---------- DATA RECORDS
lemma (in prob_space) expectation_abs_sub_cube_le:
  fixes Z W :: "'a \<Rightarrow> real"
  assumes Z: "Z \<in> borel_measurable M"
    and W: "integrable M W" "integrable M (\<lambda>y. W y ^ 2)" "integrable M (\<lambda>y. W y ^ 3)"
    and dom: "\<And>y. \<bar>Z y\<bar> \<le> W y"
  shows "expectation (\<lambda>y. \<bar>Z y - m\<bar> ^ 3)
    \<le> expectation (\<lambda>y. W y ^ 3) + 3 * \<bar>m\<bar> * expectation (\<lambda>y. W y ^ 2)
       + 3 * m\<^sup>2 * expectation W + \<bar>m\<bar> ^ 3"
proof -
  define V where "V y = W y ^ 3 + 3 * \<bar>m\<bar> * W y ^ 2 + 3 * m\<^sup>2 * W y + \<bar>m\<bar> ^ 3" for y
  have V_int: "integrable M V"
    unfolding V_def using W by simp
  have pointwise: "\<bar>Z y - m\<bar> ^ 3 \<le> V y" for y
  proof -
    have "\<bar>Z y - m\<bar> \<le> W y + \<bar>m\<bar>"
      using dom[of y] by linarith
    then have "\<bar>Z y - m\<bar> ^ 3 \<le> (W y + \<bar>m\<bar>) ^ 3"
      by (rule power_mono) simp
    also have "\<dots> = V y"
      unfolding V_def by (simp add: power2_eq_square power3_eq_cube algebra_simps)
    finally show ?thesis .
  qed
  have "integrable M (\<lambda>y. \<bar>Z y - m\<bar> ^ 3)"
    by (rule Bochner_Integration.integrable_bound[OF V_int])
       (use Z pointwise order_trans[OF _ abs_ge_self] in auto)
  then have "expectation (\<lambda>y. \<bar>Z y - m\<bar> ^ 3) \<le> expectation V"
    using V_int pointwise by (rule integral_mono)
  also have "\<dots> = expectation (\<lambda>y. W y ^ 3) + 3 * \<bar>m\<bar> * expectation (\<lambda>y. W y ^ 2)
       + 3 * m\<^sup>2 * expectation W + \<bar>m\<bar> ^ 3"
    unfolding V_def using W by (simp add: prob_space)
  finally show ?thesis .
qed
--------------------
**WHAT TO DO**
Search the entries above for the string "simp". Copy each line that holds it.

**TASK RESPONSE**
    unfolding V_def using W by simp
      by (rule power_mono) simp
      unfolding V_def by (simp add: power2_eq_square power3_eq_cube algebra_simps)
    unfolding V_def using W by (simp add: prob_space)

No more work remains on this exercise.